Comment by nullc

6 years ago

> but the real minimum is simply log2(M)

The minimum entropy to code such a thing is log2(MN choose N)/N bits per element.

log2(eM) is just an approximation when N is large.

You cannot code with N uniform choices out of MN options with less than log2(MN choose N) bits on average, by the pigeonhole principle.

> the unary terminator alone

The terminator carries information. If M is chosen well the terminator carries almost one bit of information.

The minimum for approximate membership testers is log2((M choose N)/(N + fp_rate * (M - N) choose N))/N, assuming M >> N. The asymptotic is log2(1/fp_rate). For simplicity's sake below I pretend we're dealing with a set of 1, and so 1/fp_rate = M.

I thought you had this in mind in the first paragraph with "1 / log(2) (around 1.44) times more compact than Bloom filters". However using your definition of the minimum, for practical purposes it isn't possible to be anywhere near 1.44 times more compact than Bloom filters.

Using your example of M=2^20, log2(M) log2(e) / log2(eM) = 1.34. Personally I've never spent more than 45 bits per item on such structures, but even at 64 bits log2(eM) only reaches 1.41.
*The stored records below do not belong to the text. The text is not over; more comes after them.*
(* The witness is \<theta> = b / (2 (a + b)) with a = sqrt d, b = sqrt (2 L): then 1 - 2 \<theta> = a / (a + b),
  so the moment factor is at most exp (a b / 2), while \<theta> (a + b)^2 = a b / 2 + L. *)
lemma chi_square_chernoff_exponent_le:
  fixes d L R :: real
  assumes "1 \<le> d" "0 < L" "sqrt d + sqrt (2 * L) \<le> R"
  shows "\<exists>\<theta>\<in>{0..<1 / 2}. exp (- \<theta> * R\<^sup>2) * (1 - 2 * \<theta>) powr (- d / 2) \<le> exp (- L)"
proof
  define a where "a = sqrt d"
  define b where "b = sqrt (2 * L)"
  define \<theta> where "\<theta> = b / (2 * (a + b))"
  have "1 \<le> a" "0 < b" "a + b \<le> R" and a_square: "a\<^sup>2 = d" and b_square: "b\<^sup>2 = 2 * L"
    using assms by (simp_all add: a_def b_def)
  then show "\<theta> \<in> {0..<1 / 2}"
    by (simp add: \<theta>_def field_simps)
  have "ln (1 - 2 * \<theta>) = - ln (1 + b / a)"
  proof -
    have "1 - 2 * \<theta> = a / (a + b)" "1 + b / a = (a + b) / a"
      using \<open>1 \<le> a\<close> \<open>0 < b\<close> by (simp_all add: \<theta>_def field_simps)
    then show ?thesis using \<open>1 \<le> a\<close> \<open>0 < b\<close> by (simp add: ln_div)
  qed
  moreover have "0 < 1 - 2 * \<theta>"
    using \<open>1 \<le> a\<close> \<open>0 < b\<close> by (simp add: \<theta>_def field_simps)
  ultimately have "(1 - 2 * \<theta>) powr (- d / 2) = exp (d / 2 * ln (1 + b / a))"
    by (simp add: powr_def)
  also have "\<dots> \<le> exp (d / 2 * (b / a))"
    using assms(1) \<open>1 \<le> a\<close> \<open>0 < b\<close> by (intro exp_mono mult_left_mono ln_add_one_self_le_self) auto
  also have "d / 2 * (b / a) = a * b / 2"
    using \<open>1 \<le> a\<close> by (simp add: a_square[symmetric] power2_eq_square)
  finally have moment_factor: "(1 - 2 * \<theta>) powr (- d / 2) \<le> exp (a * b / 2)" .
  have "a * b / 2 + L = \<theta> * (a + b)\<^sup>2"
    using \<open>1 \<le> a\<close> \<open>0 < b\<close> b_square by (simp add: \<theta>_def power2_eq_square field_simps)
  also have "\<dots> \<le> \<theta> * R\<^sup>2"
    using \<open>a + b \<le> R\<close> \<open>1 \<le> a\<close> \<open>0 < b\<close> by (intro mult_left_mono power_mono) (simp_all add: \<theta>_def)
  finally have exponent: "a * b / 2 - \<theta> * R\<^sup>2 \<le> - L" by simp
  have "exp (- \<theta> * R\<^sup>2) * (1 - 2 * \<theta>) powr (- d / 2) \<le> exp (- \<theta> * R\<^sup>2) * exp (a * b / 2)"
    using moment_factor by simp
  also have "\<dots> \<le> exp (- L)"
    using exponent by (simp add: exp_add[symmetric])
  finally show "exp (- \<theta> * R\<^sup>2) * (1 - 2 * \<theta>) powr (- d / 2) \<le> exp (- L)" .
qed
lemma poly_covering_space:
  fixes P :: "complex poly" and K :: "complex set"
  assumes "degree P > 0" and "finite K" and critical: "\<And>z. poly (pderiv P) z = 0 \<Longrightarrow> poly P z \<in> K"
  shows "covering_space (poly P -` (- K)) (poly P) (- K)"
proof
  show "continuous_on (poly P -` (- K)) (poly P)"
    by (intro holomorphic_on_imp_continuous_on poly_holomorphic_on)
  show "poly P ` (poly P -` (- K)) = - K"
    using poly_surjective[OF \<open>degree P > 0\<close>] by (metis surj_def surj_image_vimage_eq)
  fix w
  assume "w \<in> - K"
  then have regular: "\<And>z. poly P z = w \<Longrightarrow> poly (pderiv P) z \<noteq> 0"
    using critical by blast
  let ?Z = "{z. poly P z = w}"
  obtain r where "r > 0" and inj: "\<And>z. poly P z = w \<Longrightarrow> inj_on (poly P) (ball z r)"
    and disj: "\<And>z z'. poly P z = w \<Longrightarrow> poly P z' = w \<Longrightarrow> z \<noteq> z' \<Longrightarrow> disjnt (ball z r) (ball z' r)"
    using poly_fibre_isolating_radius[OF \<open>degree P > 0\<close> regular] by blast
  obtain \<delta> where "\<delta> > 0" and near: "\<And>x. dist (poly P x) w < \<delta> \<Longrightarrow> \<exists>z. poly P z = w \<and> dist z x < r"
    using poly_near_value_imp_near_fibre[OF \<open>degree P > 0\<close> \<open>r > 0\<close>] by blast
  obtain e where "e > 0" "ball w e \<subseteq> - K"
    using \<open>finite K\<close> \<open>w \<in> - K\<close> open_contains_ball finite_imp_closed open_Compl by blast
  define T where "T = ball w (min \<delta> e) \<inter> (\<Inter>z\<in>?Z. poly P ` ball z r)"
  have "open (poly P ` ball z r)" if "poly P z = w" for z
    using inj[OF that] by (intro open_mapping_thm3 poly_holomorphic_on open_ball)
  then have "open T"
    unfolding T_def using finite_poly_fibre[OF \<open>degree P > 0\<close>] by (intro open_Int open_ball open_INT) auto
  have "w \<in> T"
    unfolding T_def using \<open>\<delta> > 0\<close> \<open>e > 0\<close> \<open>r > 0\<close> by (auto intro: rev_image_eqI)
  have "T \<subseteq> - K"
    unfolding T_def using \<open>ball w e \<subseteq> - K\<close> by auto
  have "\<exists>v. \<Union>v = poly P -` (- K) \<inter> poly P -` T \<and>
      (\<forall>u\<in>v. openin (top_of_set (poly P -` (- K))) u) \<and>
      pairwise disjnt v \<and> (\<forall>u\<in>v. \<exists>q. homeomorphism u T (poly P) q)"
  proof (rule evenly_covered_by_injective_balls[OF poly_holomorphic_on \<open>open T\<close> \<open>T \<subseteq> - K\<close>])
    show "inj_on (poly P) (ball z r)" if "z \<in> ?Z" for z
      using inj that by blast
    show "disjnt (ball z r) (ball z' r)" if "z \<in> ?Z" "z' \<in> ?Z" "z \<noteq> z'" for z z'
      using disj that by blast
    show "T \<subseteq> poly P ` ball z r" if "z \<in> ?Z" for z
      unfolding T_def using that by blast
    show "poly P -` T \<subseteq> (\<Union>z\<in>?Z. ball z r)"
    proof
      fix x
      assume "x \<in> poly P -` T"
      then have "dist (poly P x) w < \<delta>"
        by (auto simp: T_def dist_commute)
      then obtain z where "poly P z = w" "dist z x < r"
        using near by blast
      then show "x \<in> (\<Union>z\<in>?Z. ball z r)"
        by auto
    qed
  qed
  moreover have "openin (top_of_set (- K)) T"
    using \<open>T \<subseteq> - K\<close> \<open>open T\<close> by (rule open_subset)
  ultimately show "\<exists>T. w \<in> T \<and> openin (top_of_set (- K)) T \<and>
      (\<exists>v. \<Union>v = poly P -` (- K) \<inter> poly P -` T \<and> (\<forall>u\<in>v. openin (top_of_set (poly P -` (- K))) u) \<and>
           pairwise disjnt v \<and> (\<forall>u\<in>v. \<exists>q. homeomorphism u T (poly P) q))"
    using \<open>w \<in> T\<close> by blast
qed

lemma smooth_poly_lift:
  fixes P :: "complex poly"
  assumes "degree P > 0" and h: "smooth_fun h"
    and regular: "\<And>t. h t \<notin> poly P ` {z. poly (pderiv P) z = 0}"
  obtains f where "smooth_fun f" "\<And>t. poly P (f t) = h t"
proof -
  define K where "K = poly P ` {z. poly (pderiv P) z = 0}"
  have cov: "covering_space (poly P -` (- K)) (poly P) (- K)"
    using \<open>degree P > 0\<close> finite_poly_critical_values[OF \<open>degree P > 0\<close>]
    unfolding K_def by (rule poly_covering_space) auto
  have cont: "continuous_on UNIV h"
    using h smooth_fun_imp_differentiable
    by (intro continuous_at_imp_continuous_on ballI differentiable_imp_continuous_within) auto
  have avoid: "h \<in> UNIV \<rightarrow> - K"
    using regular by (auto simp: K_def)
  obtain f where "continuous_on UNIV f" and f_regular: "f \<in> UNIV \<rightarrow> poly P -` (- K)"
    and lift: "\<And>t. t \<in> UNIV \<Longrightarrow> poly P (f t) = h t"
  proof (rule covering_space_lift[OF cov convex_imp_simply_connected[OF convex_UNIV]
          open_imp_locally_path_connected[OF open_UNIV] cont avoid])
    fix f :: "real \<Rightarrow> complex"
    assume "continuous_on UNIV f" "f \<in> UNIV \<rightarrow> poly P -` (- K)" "\<And>t. t \<in> UNIV \<Longrightarrow> poly P (f t) = h t"
    then show thesis
      by (rule that)
  qed
  have "deriv (poly P) (f t) \<noteq> 0" for t
    using f_regular by (auto simp: deriv_poly K_def)
  then have "smooth_fun f"
    using smooth_fun_lift[OF open_UNIV poly_holomorphic_on h \<open>continuous_on UNIV f\<close> UNIV_I lift[OF UNIV_I]]
    by blast
  then show ?thesis
    using lift that by blast
qed

section \<open>Density of the range\<close>

lemma exists_small_shift_avoiding:
  fixes g :: "real \<Rightarrow> complex" and K :: "complex set"
  assumes g: "\<And>t. g differentiable (at t)" and "finite K" and "\<epsilon> > 0"
  obtains c where "norm c < \<epsilon>" "\<And>t. g t + c \<notin> K"
proof -
  define N where "N = (\<Union>k\<in>K. range (\<lambda>t. k - g t))"
  have "negligible N"
    unfolding N_def
  proof (intro negligible_Union finite_imageI \<open>finite K\<close>, clarify)
    fix k
    have "(\<lambda>t. k - g t) differentiable_on UNIV"
      using g by (intro differentiable_at_imp_differentiable_on) (auto intro: derivative_intros)
    then show "negligible (range (\<lambda>t. k - g t))"
      by (intro negligible_differentiable_image_lowdim) auto
  qed
  moreover have "\<not> negligible (ball (0::complex) \<epsilon>)"
    using \<open>\<epsilon> > 0\<close> by (intro open_not_negligible) auto
  ultimately obtain c where "c \<in> ball 0 \<epsilon>" "c \<notin> N"
    using negligible_subset by blast
  then show ?thesis
    by (intro that[of c]) (auto simp: N_def)
qed

theorem proposition20:
  fixes P :: "complex poly"
  assumes "degree P > 0" and "poly P 0 = 0"
  shows "\<forall>g. smooth_fun g \<longrightarrow> (\<forall>k::nat. \<forall>\<epsilon>>0.
           \<exists>f. smooth_fun f \<and> seminorm_p k (\<lambda>t. poly P (f t) - g t) < \<epsilon>)"
proof (intro allI impI)
  fix g :: "real \<Rightarrow> complex" and k :: nat and \<epsilon> :: real
  assume g: "smooth_fun g" and "\<epsilon> > 0"
  obtain c where "norm c < \<epsilon>" and c: "\<And>t. g t + c \<notin> poly P ` {z. poly (pderiv P) z = 0}"
    using exists_small_shift_avoiding[OF smooth_fun_imp_differentiable[OF g]
        finite_poly_critical_values[OF \<open>degree P > 0\<close>] \<open>\<epsilon> > 0\<close>] by blast
  obtain f where "smooth_fun f" and lift: "\<And>t. poly P (f t) = g t + c"
    using smooth_poly_lift[OF \<open>degree P > 0\<close> smooth_fun_add_const[OF g] c] by blast
  have "seminorm_p k (\<lambda>t. poly P (f t) - g t) = norm c"
    by (simp add: lift seminorm_p_const)
  then show "\<exists>f. smooth_fun f \<and> seminorm_p k (\<lambda>t. poly P (f t) - g t) < \<epsilon>"
    using \<open>smooth_fun f\<close> \<open>norm c < \<epsilon>\<close> by auto
qed

end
The oft-cited 1.44x Bloom filter tax is simply taken from its per-item cost of log2(M) log2(e), absent the information-theoretic minimum of log2(M), leaving just the log2(e) multiplier.

  • I think I was caught up thinking the discussion was all about the efficiency of the GCS coding for the underlying bit-set; which it is indeed indeed nearly optimal for (but only for some parameters, which don't happen to be where the fp rate is 1/2^k, which unfortunately is the case usually considered in papers!). Sorry about that.

    The bloom cost 1.44 times the lower bound. The difference between an optimally coded bitset and the asymptotic lower bound is an additive 1.44 bits per element. This is a pretty big difference!